The sleeve 405 can be realized as a structure with an opening along a longitudinal axis of the sleeve 405 that is sized such that the liner 415 is operable within the sleeve 405. Anchor screws 424-1 and 424-2 can be used to anchor the sleeve 405/packer 410 to the liner 415. Other types of anchor devices can be used such as a collet or slip, which is a gripping device that typically has a teeth structure. Thrust bushing/bearing elements 425-1 and 425-2 and lateral bushing/bearing elements 426-1 and 426-2 allow the liner 415 to rotate while drilling. Thrust bearings allow the liner or the casing 415 to rotate when a thrust load is applied to the sleeve 405. Piston 427 is operable in the setting of the packer element 410 against a wall of a wellbore.

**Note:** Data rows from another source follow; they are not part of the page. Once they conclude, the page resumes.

lemma subst_mpoly_add: "subst_mpoly F (p + q) = subst_mpoly F p + subst_mpoly F q"
proof -
  let ?A = "Poly_Mapping.keys p \<union> Poly_Mapping.keys q"
  have "subst_mpoly F (p + q)
      = (\<Sum>m\<in>?A. const_poly (Poly_Mapping.lookup (p + q) m) * subst_monom F m)"
    by (rule subst_mpoly_superset) (auto dest: subsetD[OF keys_add])
  also have "\<dots> = (\<Sum>m\<in>?A. const_poly (Poly_Mapping.lookup p m) * subst_monom F m)
                 + (\<Sum>m\<in>?A. const_poly (Poly_Mapping.lookup q m) * subst_monom F m)"
    by (simp add: lookup_add const_poly_add distrib_right sum.distrib)
  also have "\<dots> = subst_mpoly F p + subst_mpoly F q"
    by (simp add: subst_mpoly_superset[symmetric])
  finally show ?thesis .
qed

lemma subst_mpoly_sum: "subst_mpoly F (\<Sum>x\<in>A. f x) = (\<Sum>x\<in>A. subst_mpoly F (f x))"
  by (induct A rule: infinite_finite_induct) (simp_all add: subst_mpoly_add)

lemma subst_mpoly_single: "subst_mpoly F (Poly_Mapping.single m c) = const_poly c * subst_monom F m"
  by (cases "c = 0") (simp_all add: subst_mpoly_def const_poly_def)

lemma subst_mpoly_mult: "subst_mpoly F (p * q) = subst_mpoly F p * subst_mpoly F q"
proof -
  have pq: "p * q = (\<Sum>a\<in>Poly_Mapping.keys p. \<Sum>b\<in>Poly_Mapping.keys q.
      Poly_Mapping.single (a + b) (Poly_Mapping.lookup p a * Poly_Mapping.lookup q b))"
    by (subst (1 2) poly_mapping_sum_single_keys) (simp add: sum_product mult_single)
  have "subst_mpoly F (p * q) = (\<Sum>a\<in>Poly_Mapping.keys p. \<Sum>b\<in>Poly_Mapping.keys q.
      (const_poly (Poly_Mapping.lookup p a) * subst_monom F a)
        * (const_poly (Poly_Mapping.lookup q b) * subst_monom F b))"
    by (simp add: pq subst_mpoly_sum subst_mpoly_single const_poly_mult subst_monom_add algebra_simps)
  also have "\<dots> = subst_mpoly F p * subst_mpoly F q"
    by (simp add: subst_mpoly_def sum_product)
  finally show ?thesis .
qed

lemma ring_hom_fun_subst_mpoly: "ring_hom_fun (subst_mpoly F)"
  by (simp add: ring_hom_fun_def subst_mpoly_1 subst_mpoly_add subst_mpoly_mult)

lemma subst_mpoly_const: "subst_mpoly F (const_poly c) = const_poly c"
  by (simp add: const_poly_def subst_mpoly_single[unfolded const_poly_def] subst_monom_def)

lemma subst_mpoly_var: "subst_mpoly F (var_poly v) = F v"
  using subst_monom_var[of F v] by (simp add: var_poly_def subst_mpoly_single)

lemma subst_mpoly_S_comp:
  fixes deg :: "'v::finite \<Rightarrow> 'g::ab_group_add" and F :: "'v \<Rightarrow> ('v, 'k::comm_ring_1) mpoly"
  assumes \<psi>: "additive \<psi>" and F: "\<And>v. F v \<in> S_comp deg (\<psi> (deg v))"
    and p: "p \<in> S_comp deg w"
  shows "subst_mpoly F p \<in> S_comp deg (\<psi> w)"
  unfolding subst_mpoly_def
proof (rule S_comp_sum)
  fix m assume m: "m \<in> Poly_Mapping.keys p"
  have "subst_monom F m \<in> S_comp deg (\<Sum>v\<in>UNIV. nmult (Poly_Mapping.lookup m v) (\<psi> (deg v)))"
    unfolding subst_monom_def by (rule S_comp_prod) (auto intro: S_comp_power F)
  moreover have "mon_deg deg m = w"
    using p m by (simp add: S_comp_def)
  then have "(\<Sum>v\<in>UNIV. nmult (Poly_Mapping.lookup m v) (\<psi> (deg v))) = \<psi> w"
    by (auto simp: mon_deg_eq_sum_UNIV additive.sum[OF \<psi>] additive.nmult[OF \<psi>])
  ultimately show "const_poly (Poly_Mapping.lookup p m) * subst_monom F m \<in> S_comp deg (\<psi> w)"
    using S_comp_mult[OF const_poly_in_S_comp] by fastforce
qed

section \<open>Scalars over an algebraically closed field\<close>

lemma map_poly_add_ring_hom_fun:
  "ring_hom_fun f \<Longrightarrow> map_poly f (p + q) = map_poly f p + map_poly f q"
  by (intro poly_eqI) (simp add: coeff_map_poly ring_hom_fun_0 ring_hom_fun_add)
lemma append_tl_eq_butlast_append:
  "xs \<noteq> [] \<Longrightarrow> ys \<noteq> [] \<Longrightarrow> last xs = hd ys \<Longrightarrow> xs @ tl ys = butlast xs @ ys"
  by (metis append_butlast_last_id append_Cons append_assoc append_Nil list.collapse)

lemma hd_butlast: "butlast xs \<noteq> [] \<Longrightarrow> hd (butlast xs) = hd xs"
  by (cases xs) auto

lemma set_append_tl:
  "xs \<noteq> [] \<Longrightarrow> last xs = hd ys \<Longrightarrow> set (xs @ tl ys) = set xs \<union> set ys"
  using last_in_set[of xs] by (cases ys) auto

lemma set_butlast_Int_eq_empty:
  assumes "distinct xs" "set xs \<inter> A \<subseteq> {last xs}"
  shows "set (butlast xs) \<inter> A = {}"
proof -
  have "last xs \<notin> set (butlast xs)" if "xs \<noteq> []"
    using assms(1) that by (metis append_butlast_last_id distinct_append disjoint_iff list.set_intros(1))
  then show ?thesis using assms(2) in_set_butlastD by fastforce
qed

lemma successively_append_tl:
  assumes "xs \<noteq> []" "ys \<noteq> []" "last xs = hd ys"
  shows "successively R (xs @ tl ys) \<longleftrightarrow> successively R xs \<and> successively R ys"
proof -
  obtain zs where "xs = zs @ [hd ys]" using assms by (metis append_butlast_last_id)
  then show ?thesis using assms(2) by (auto simp: successively_append_iff)
qed

lemma successively_map_upt:
  "(\<And>i. i < m \<Longrightarrow> R (f i) (f (Suc i))) \<Longrightarrow> successively R (map f [0..<Suc m])"
  by (simp add: successively_map successively_conv_nth del: upt_Suc)

lemma successively_invariant:
  "successively R xs \<Longrightarrow> P (hd xs) \<Longrightarrow> (\<And>x y. R x y \<Longrightarrow> P y) \<Longrightarrow> z \<in> set xs \<Longrightarrow> P z"
  by (induction R xs rule: successively.induct) auto

lemma rtranclp_imp_distinct_successively:
  assumes "R\<^sup>*\<^sup>* x y"
  obtains ps where "ps \<noteq> []" "hd ps = x" "last ps = y" "distinct ps" "successively R ps"
  using assms
proof (induction arbitrary: thesis rule: rtranclp_induct)
  case base
  show ?case by (rule base[of "[x]"]) simp_all
next
  case (step y z)
  obtain ps where ps: "ps \<noteq> []" "hd ps = x" "last ps = y" "distinct ps" "successively R ps"
    using step.IH by blast
  show ?case
  proof (cases "z \<in> set ps")
    case True
    then obtain i where i: "i < length ps" "ps ! i = z" by (meson in_set_conv_nth)
    define ps' where "ps' = take (Suc i) ps"
    show ?thesis
    proof (rule step.prems)
      show "ps' \<noteq> []" "hd ps' = x" "distinct ps'"
        using ps(1,2,4) by (simp_all add: ps'_def)
      show "last ps' = z" using i by (simp add: ps'_def take_Suc_conv_app_nth)
      show "successively R ps'"
        using ps(5) successively_append_iff[of R ps' "drop (Suc i) ps"] by (simp add: ps'_def)
    qed
  next
    case False
    show ?thesis
    proof (rule step.prems)
      show "ps @ [z] \<noteq> []" "hd (ps @ [z]) = x" "last (ps @ [z]) = z" "distinct (ps @ [z])"
        using ps(1,2,4) False by simp_all
      show "successively R (ps @ [z])"
        using ps(1,3,5) step.hyps(2) by (simp add: successively_append_iff)
    qed
  qed
qed

lemma path_edges_conv_image:
  "path_edges xs = (\<lambda>i. {xs ! i, xs ! Suc i}) ` {i. Suc i < length xs}"
  unfolding path_edges_def by blast

lemma path_edges_Nil [simp]: "path_edges [] = {}"
  and path_edges_singleton [simp]: "path_edges [x] = {}"
  by (simp_all add: path_edges_def)

lemma path_edges_Cons_Cons [simp]:
  "path_edges (x # y # zs) = insert {x, y} (path_edges (y # zs))"
proof -
  have "{i. Suc i < length (x # y # zs)} = insert 0 (Suc ` {i. Suc i < length (y # zs)})"
    by (auto simp: image_iff) (metis Suc_less_eq not0_implies_Suc)
  then show ?thesis unfolding path_edges_conv_image by (simp add: image_image)
qed

lemma path_edges_append_Cons:
  "path_edges (xs @ y # ys) = path_edges (xs @ [y]) \<union> path_edges (y # ys)"
proof (induction xs)
  case (Cons a xs) then show ?case by (cases xs) auto
qed auto

lemma path_edges_append_tl:
  assumes "xs \<noteq> []" "ys \<noteq> []" "last xs = hd ys"
  shows "path_edges (xs @ tl ys) = path_edges xs \<union> path_edges ys"
proof -
  obtain zs where "xs = zs @ [hd ys]" using assms by (metis append_butlast_last_id)
  then show ?thesis using assms(2) path_edges_append_Cons[of zs "hd ys" "tl ys"] by simp
qed

lemma cycle_edges_conv_path_edges: "c \<noteq> [] \<Longrightarrow> cycle_edges c = path_edges (c @ [hd c])"
  using path_edges_append_tl[of c "[last c, hd c]"] by (simp add: cycle_edges_def)

lemma path_edge_subset_card:
  assumes "e \<in> path_edges xs" "distinct xs"
  shows "e \<subseteq> set xs" "card e = 2"
proof -
  obtain i where i: "Suc i < length xs" "e = {xs ! i, xs ! Suc i}"
    using assms(1) unfolding path_edges_def by blast
  then show "e \<subseteq> set xs" by simp
  have "xs ! i \<noteq> xs ! Suc i" using i(1) assms(2) by (simp add: nth_eq_iff_index_eq)
  then show "card e = 2" using i(2) by simp
qed

lemma path_edges_disjoint_if_card_Int:
  assumes "distinct xs" "distinct ys" "card (set xs \<inter> set ys) = 1"
  shows "path_edges xs \<inter> path_edges ys = {}"
proof (rule ccontr)
  assume "path_edges xs \<inter> path_edges ys \<noteq> {}"
  then obtain e where "e \<in> path_edges xs" "e \<in> path_edges ys" by blast
  then have "e \<subseteq> set xs \<inter> set ys" "card e = 2"
    using path_edge_subset_card assms(1,2) by blast+
  then show False using assms(3) card_mono[of "set xs \<inter> set ys" e] by simp
qed

section \<open>Cycles glued from three paths\<close>

lemma cycle_of_three_paths:
  assumes paths: "is_path V E I1" "is_path V E I2" "is_path V E I3"
    and lengths: "length I1 \<ge> 2" "length I2 \<ge> 2" "length I3 \<ge> 2"
    and ends: "last I1 = hd I2" "last I2 = hd I3" "last I3 = hd I1"
    and meets: "set I1 \<inter> set I2 = {hd I2}" "set I2 \<inter> set I3 = {hd I3}"
      "set I3 \<inter> set I1 = {hd I1}"
  defines "c \<equiv> butlast I1 @ butlast I2 @ butlast I3"
  shows "is_cycle V E c" "set c = set I1 \<union> set I2 \<union> set I3"
    "cycle_edges c = path_edges I1 \<union> path_edges I2 \<union> path_edges I3"
proof -
  have ne: "I1 \<noteq> []" "I2 \<noteq> []" "I3 \<noteq> []" "butlast I1 \<noteq> []" "butlast I2 \<noteq> []"
    using lengths by (auto simp flip: length_greater_0_conv)
  have paths': "distinct I1" "distinct I2" "distinct I3"
      "successively E I1" "successively E I2" "successively E I3"
      "set I1 \<subseteq> V" "set I2 \<subseteq> V" "set I3 \<subseteq> V"
    using paths by (simp_all add: is_path_iff_successively)
  define L where "L = I1 @ tl (I2 @ tl I3)"
  have I23: "I2 @ tl I3 = butlast I2 @ I3" "I2 @ tl I3 \<noteq> []" "hd (I2 @ tl I3) = last I1"
    using ne ends(1,2) by (simp_all add: append_tl_eq_butlast_append hd_butlast)
  then have "L = butlast I1 @ butlast I2 @ I3"
    using ne by (simp add: L_def append_tl_eq_butlast_append)
  moreover have "butlast I3 @ [hd I1] = I3"
    using ne(3) ends(3) by (metis append_butlast_last_id)
  ultimately have L_eq: "L = c @ [hd c]"
    using ne by (simp add: c_def hd_butlast)
  have c_ne: "c \<noteq> []" using ne by (simp add: c_def)
  have "successively E L"
    using paths'(4-6) successively_append_tl[OF ne(2,3) ends(2)]
      successively_append_tl[OF ne(1) I23(2) I23(3)[symmetric]] by (simp add: L_def)
  then have walk: "successively E c" "E (last c) (hd c)"
    using L_eq c_ne successively_append_iff[of E c "[hd c]"] by simp_all
  have "set L = set I1 \<union> set I2 \<union> set I3"
    using set_append_tl[OF ne(2) ends(2)] set_append_tl[OF ne(1) I23(3)[symmetric]]
    by (simp add: L_def Un_assoc)
  moreover have "set L = set c"
    using L_eq c_ne by (simp add: insert_absorb)
  ultimately show set_c: "set c = set I1 \<union> set I2 \<union> set I3" by simp
  have "path_edges L = path_edges I1 \<union> path_edges I2 \<union> path_edges I3"
    using path_edges_append_tl[OF ne(2,3) ends(2)]
      path_edges_append_tl[OF ne(1) I23(2) I23(3)[symmetric]] by (simp add: L_def Un_assoc)
  then show "cycle_edges c = path_edges I1 \<union> path_edges I2 \<union> path_edges I3"
    using L_eq c_ne by (simp add: cycle_edges_conv_path_edges)
  have "set (butlast I1) \<inter> set I2 = {}" "set (butlast I2) \<inter> set I3 = {}"
    "set (butlast I3) \<inter> set I1 = {}"
    by (intro set_butlast_Int_eq_empty; simp add: meets ends paths'(1-3))+
  then have "distinct c"
    using paths'(1-3) unfolding c_def distinct_append set_append
    by (auto intro: distinct_butlast dest: in_set_butlastD)
  moreover have "length c \<ge> 3" using lengths by (simp add: c_def)
  ultimately show "is_cycle V E c"
    using walk set_c paths'(7-9) c_ne by (simp add: is_cycle_def is_path_iff_successively)
qed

FIG. 5 is a schematic representation of non-rotating drill-in packer 402 of FIG. 4 with packer element 410 expanded. In the expanded position, packer element 410 extents above surface 429. FIG. 6 is a schematic representation of the non-rotating drill-in packer 402 of FIG. 4 with packer element 410 set against a wall 622 of a borehole 606 in a formation 601. FIG. 6 shows that as the packer's element is set (squeezed) at the wall 622, it will grip the sleeve 405 and prevent the sleeve 405 from rotating, while liner/casing 415 can rotate.

FIG. 7 is a flow diagram of features of a method 700 that implements a non-rotating drill-in packer. The non-rotating drill-in packer may include features similar to or identical to features associated with the apparatus of FIGS. 1-6. At 710, a liner is drilled to a depth at a well site. At 720, a packer is activated to seal against a wall of a wellbore, allowing the liner to rotate. The activated packer can seal off a region below the packer. The activated packer can be arranged as an element of a sleeve fitted around the liner, the sleeve structured to allow the liner to rotate with the sleeve non-rotating. The packer can be a packer of the non-rotating drill-in packer arranged to seal off a region below the annular expandable packer elements from the above hydrostatic well column in the wellbore. Activating the packer to seal against the wall of the wellbore and sealing off the region below the packer can include activating a plurality of packers to seal against the wall of the wellbore and to seal off the region below the packer.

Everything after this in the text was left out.